Church in Sutherland, South Africa

The Dutch Reformed Church in Sutherland is a congregation in the Dutch Reformed Church's Synod of the Western Cape, although the town on which it is based, Sutherland, has been in the Northern Cape province since 1994. It was separated from Worcester in 1855 as the 65th congregation in the Dutch Reformed Church. In the same year, the congregations Jansenville, Ceres, Murraysburg, Aberdeen, Heidelberg, Western Cape, and Fish Hoek were also founded. Sutherland's founding of between those of Murraysburg and Aberdeen.
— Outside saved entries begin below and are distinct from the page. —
lemma digit_Cons_Suc: "digit (m0 # ms) m (Suc i) = digit ms (m div m0) i"
  by (simp add: digit_def radix_base_Cons_Suc div_mult2_eq)

lemma apv_Cons: "apv (m0 # ms) d m = real (m mod m0) * d 0 + apv ms (\<lambda>i. d (Suc i)) (m div m0)"
  unfolding apv_def length_Cons sum.lessThan_Suc_shift by (simp add: digit_Cons_0 digit_Cons_Suc)

lemma prime_primes_sorted: "\<forall>p\<in>set (primes_sorted M). prime p"
  unfolding primes_sorted_def by auto

lemma prod_list_primes_sorted: "M > 0 \<Longrightarrow> prod_list (primes_sorted M) = M"
  unfolding primes_sorted_def
  by (metis prod_mset_prod_list mset_sorted_list_of_multiset prod_mset_prime_factorization_nat)

definition superincreasing :: "nat list \<Rightarrow> (nat \<Rightarrow> real) \<Rightarrow> real \<Rightarrow> bool" where
  "superincreasing ms d \<delta> \<longleftrightarrow> (\<forall>t<length ms. (\<Sum>j<t. real (ms ! j - 1) * d j) + \<delta> \<le> d t)"

lemma superincreasing_Cons:
  "superincreasing (m0 # ms) d \<delta> \<longleftrightarrow>
     \<delta> \<le> d 0 \<and> superincreasing ms (\<lambda>i. d (Suc i)) (real (m0 - 1) * d 0 + \<delta>)"
  unfolding superincreasing_def length_Cons All_less_Suc2 sum.lessThan_Suc_shift by (simp add: add_ac)
section \<open>Critical points as affine dependences\<close>

definition affine_dependence :: "(int ^ 'n) set \<Rightarrow> (int ^ 'n \<Rightarrow> 'a::ring_1) \<Rightarrow> bool" where
  "affine_dependence A y \<longleftrightarrow> (\<Sum>a\<in>A. y a) = 0 \<and> (\<forall>i. (\<Sum>a\<in>A. y a * of_int (a $ i)) = 0)"

lemma affine_dependence_cong:
  assumes "affine_dependence A y" and "\<And>a. a \<in> A \<Longrightarrow> y a = w a"
  shows "affine_dependence A w"
  using assms by (simp add: affine_dependence_def cong: sum.cong)

lemma affine_dependence_add:
  assumes "affine_dependence A y" and "affine_dependence A w"
  shows "affine_dependence A (\<lambda>a. y a + w a)"
  using assms by (simp add: affine_dependence_def sum.distrib distrib_right)

lemma affine_dependence_diff:
  assumes "affine_dependence A y" and "affine_dependence A w"
  shows "affine_dependence A (\<lambda>a. y a - w a)"
  using assms by (simp add: affine_dependence_def sum_subtractf left_diff_distrib)

lemma affine_dependence_scale:
  assumes "affine_dependence A y"
  shows "affine_dependence A (\<lambda>a. r * y a)"
  using assms by (simp add: affine_dependence_def mult.assoc flip: sum_distrib_left)

lemma affine_dependence_of_real:
  assumes "affine_dependence A y"
  shows "affine_dependence A (\<lambda>a. of_real (y a) :: 'a::real_algebra_1)"
proof -
  have "(\<Sum>a\<in>A. of_real (y a) * of_int (a $ i)) = (of_real (\<Sum>a\<in>A. y a * of_int (a $ i)) :: 'a)" for i
    by simp
  with assms show ?thesis
    by (simp add: affine_dependence_def of_real_sum [symmetric] del: of_real_sum)
qed

lemma affine_dependence_Re:
  assumes "affine_dependence A y"
  shows "affine_dependence A (\<lambda>a. Re (y a))"
proof -
  have "(\<Sum>a\<in>A. Re (y a) * of_int (a $ i)) = Re (\<Sum>a\<in>A. y a * of_int (a $ i))" for i
    by simp
  with assms show ?thesis
    by (simp add: affine_dependence_def Re_sum [symmetric])
qed

lemma affine_dependence_Im:
  assumes "affine_dependence A y"
  shows "affine_dependence A (\<lambda>a. Im (y a))"
proof -
  have "(\<Sum>a\<in>A. Im (y a) * of_int (a $ i)) = Im (\<Sum>a\<in>A. y a * of_int (a $ i))" for i
    by simp
  with assms show ?thesis
    by (simp add: affine_dependence_def Im_sum [symmetric])
qed

lemma lmono_real_pos: "(\<And>i. x $ i > 0) \<Longrightarrow> lmono_real x a > 0"
  unfolding lmono_real_def by (simp add: prod_pos)

lemma lmono_real_uminus:
  "(\<And>i. x $ i \<noteq> 0) \<Longrightarrow> lmono_real x (- a) * lmono_real x a = 1"
  by (simp add: lmono_real_def power_int_minus flip: prod.distrib)

lemma lmono_cplx_uminus:
  "(\<And>i. z $ i \<noteq> 0) \<Longrightarrow> lmono_cplx z (- a) * lmono_cplx z a = 1"
  by (simp add: lmono_cplx_def power_int_minus flip: prod.distrib)

lemma lmono_cplx_of_real:
  "lmono_cplx (\<chi> i. complex_of_real (x $ i)) a = complex_of_real (lmono_real x a)"
  by (simp add: lmono_cplx_def lmono_real_def)

lemma sum_sign_vector_union:
  assumes "finite Ap" and "finite Am" and "Ap \<inter> Am = {}"
  shows "(\<Sum>a\<in>Ap \<union> Am. sign_vector Am a * f a) = sum f Ap - (sum f Am :: 'a::ring_1)"
proof -
  have "(\<Sum>a\<in>Ap \<union> Am. sign_vector Am a * f a) = (\<Sum>a\<in>Ap. f a) + (\<Sum>a\<in>Am. - f a)"
    using assms by (simp add: sum.union_disjoint sign_vector_def disjoint_iff cong: sum.cong)
  then show ?thesis
    by (simp add: sum_negf)
qed

lemma critical_system_zero_iff_affine_dependence:
  assumes "finite Ap" and "finite Am" and "Ap \<inter> Am = {}"
  shows "critical_system_zero Ap Am c x \<longleftrightarrow>
    affine_dependence (Ap \<union> Am) (\<lambda>a. sign_vector Am a * c a * lmono_real x a)"
proof -
  have "signomial Ap Am c x = (\<Sum>a\<in>Ap \<union> Am. sign_vector Am a * c a * lmono_real x a)"
    unfolding signomial_def sum_sign_vector_union[OF assms, symmetric] by (simp add: mult.assoc)
  moreover have "toric_deriv Ap Am c i x =
      (\<Sum>a\<in>Ap \<union> Am. sign_vector Am a * c a * lmono_real x a * of_int (a $ i))" for i
    unfolding toric_deriv_def sum_sign_vector_union[OF assms, symmetric] by (simp add: mult_ac)
  ultimately show ?thesis
    by (simp add: critical_system_zero_def affine_dependence_def)
qed

definition critical_coeffs :: "(int ^ 'n) set \<Rightarrow> (int ^ 'n \<Rightarrow> complex) set" where
  "critical_coeffs A = {c \<in> coeff_space A. \<exists>z :: complex ^ 'n. (\<forall>i. z $ i \<noteq> 0) \<and>
     affine_dependence A (\<lambda>a. c a * lmono_cplx z a)}"

lemma A_disc_variety_eq: "A_disc_variety A = zariski_closure A (critical_coeffs A)"
  unfolding A_disc_variety_def critical_coeffs_def affine_dependence_def by (simp add: mult_ac)

lemma pos_disc_of_affine_dependence:
  fixes Ap Am :: "(int ^ 'n) set" and x :: "real ^ 'n"
  assumes "finite Ap" and "finite Am" and "Ap \<inter> Am = {}"
    and "affine_dependence (Ap \<union> Am) y" and "\<And>a. a \<in> Ap \<union> Am \<Longrightarrow> sign_vector Am a * y a > 0"
    and "\<And>i. x $ i > 0"
  shows "(\<lambda>a. if a \<in> Ap \<union> Am then sign_vector Am a * y a * lmono_real x (- a) else 0) \<in> pos_disc Ap Am"
    (is "?c \<in> _")
proof -
  have scaled: "y a = sign_vector Am a * ?c a * lmono_real x a" if "a \<in> Ap \<union> Am" for a
  proof -
    have "sign_vector Am a * ?c a * lmono_real x a
        = (sign_vector Am a * sign_vector Am a) * y a * (lmono_real x (- a) * lmono_real x a)"
      using that by (simp add: mult_ac)
    also have "\<dots> = y a"
      using assms(6) by (simp add: lmono_real_uminus less_imp_neq[symmetric])
    finally show ?thesis
      by simp
  qed
  have "critical_system_zero Ap Am ?c x"
    unfolding critical_system_zero_iff_affine_dependence[OF assms(1-3)]
    using assms(4) scaled by (rule affine_dependence_cong)
  moreover have "?c a > 0" if "a \<in> Ap \<union> Am" for a
    using assms(5)[OF that] lmono_real_pos[OF assms(6)] that by simp
  ultimately show ?thesis
    unfolding pos_disc_def using assms(6) by auto
qed

lemma of_real_pos_disc_in_critical_coeffs:
  fixes Ap Am :: "(int ^ 'n) set"
  assumes "finite Ap" and "finite Am" and "Ap \<inter> Am = {}" and "c \<in> pos_disc Ap Am"
  shows "sign_tau Ap Am (\<lambda>a. complex_of_real (c a)) \<in> critical_coeffs (Ap \<union> Am)"
proof -
  obtain x :: "real ^ 'n" where x: "\<And>i. x $ i > 0" and crit: "critical_system_zero Ap Am c x"
    using assms(4) unfolding pos_disc_def by blast
  define z :: "complex ^ 'n" where "z = (\<chi> i. complex_of_real (x $ i))"
  have "affine_dependence (Ap \<union> Am) (\<lambda>a. complex_of_real (sign_vector Am a * c a * lmono_real x a))"
    using crit unfolding critical_system_zero_iff_affine_dependence[OF assms(1-3)]
    by (rule affine_dependence_of_real)
  then have "affine_dependence (Ap \<union> Am) (\<lambda>a. sign_tau Ap Am (\<lambda>a. complex_of_real (c a)) a * lmono_cplx z a)"
    by (simp add: z_def lmono_cplx_of_real sign_tau_eq)
  moreover have "\<forall>i. z $ i \<noteq> 0"
    using x by (simp add: z_def less_imp_neq[symmetric])
  moreover have "sign_tau Ap Am (\<lambda>a. complex_of_real (c a)) \<in> coeff_space (Ap \<union> Am)"
    using assms(4) by (simp add: pos_disc_def coeff_space_def sign_tau_def)
  ultimately show ?thesis
    unfolding critical_coeffs_def by blast
qed

lemma of_real_pos_disc_subset_coeff_space:
  "(\<lambda>c a. complex_of_real (c a)) ` pos_disc Ap Am \<subseteq> coeff_space (Ap \<union> Am)"
  by (auto simp: pos_disc_def coeff_space_def)

definition dependence_coeffs ::
    "(int ^ 'n) set \<Rightarrow> (int ^ 'n) set \<Rightarrow> (int ^ 'n \<Rightarrow> complex) \<Rightarrow> complex ^ 'n \<Rightarrow> int ^ 'n \<Rightarrow> complex"
  where "dependence_coeffs A Am y z a = (if a \<in> A then sign_vector Am a * y a * lmono_cplx z (- a) else 0)"

lemma sign_tau_eq_dependence_coeffs:
  assumes "d \<in> coeff_space A" and "\<And>i. z $ i \<noteq> 0"
  shows "sign_tau Ap Am d = dependence_coeffs A Am (\<lambda>a. d a * lmono_cplx z a) z"
  using assms(1) lmono_cplx_uminus[OF assms(2)]
  by (auto simp: fun_eq_iff dependence_coeffs_def sign_tau_eq coeff_space_def mult_ac)

lemma dependence_coeffs_of_real_in_pos_disc:
  fixes Ap Am :: "(int ^ 'n) set" and x :: "real ^ 'n"
  assumes "finite Ap" and "finite Am" and "Ap \<inter> Am = {}"
    and "affine_dependence (Ap \<union> Am) y" and "\<And>a. a \<in> Ap \<union> Am \<Longrightarrow> sign_vector Am a * y a > 0"
    and "\<And>i. x $ i > 0"
  shows "dependence_coeffs (Ap \<union> Am) Am (\<lambda>a. of_real (y a)) (\<chi> i. of_real (x $ i))
    \<in> (\<lambda>c a. complex_of_real (c a)) ` pos_disc Ap Am"
  by (rule image_eqI[OF _ pos_disc_of_affine_dependence[OF assms]])
    (simp add: fun_eq_iff dependence_coeffs_def lmono_cplx_of_real)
Until 2015, Sutherland was part of the Presbytery of Calvinia, but after this presbytery ceased to exist, Sutherland joined the Presbytery of Worcester while the other four (Calvinia, Calvinia-Hantam, Nieuwoudtville and Loeriesfontein) became part of the Presbytery of Clanwilliam.

== Background ==
Before the secession of the Roggeveld congregation, the pastor of the Dutch Reformed congregation in Worcester could at most once a year, in the company of a church council member, brave the great effort, inconvenience and dangers of a visit to the distant regions of the Swartberg, Karoo and Roggeveld a century and more ago. Already from the Worcester baptism register for 1827 we can follow Rev. Henry Sutherland on such a trip. The first church council decision on this matter states that the pastor would be accompanied in 1837 by deacon Willem van der Merwe – who earlier in the same year had become the father of a boy who would also come to the Roggeveld almost 40 years later than Rev. H.W. van der Merwe. Such a visit did not, for understandable reasons, mean visits from farm to farm, but "at certain pre-determined and suitable places" the pastor met the people of the area, held services for them and administered the sacraments. These trips were usually arranged in the spring and in consultation with the local church council members of the Roggeveld.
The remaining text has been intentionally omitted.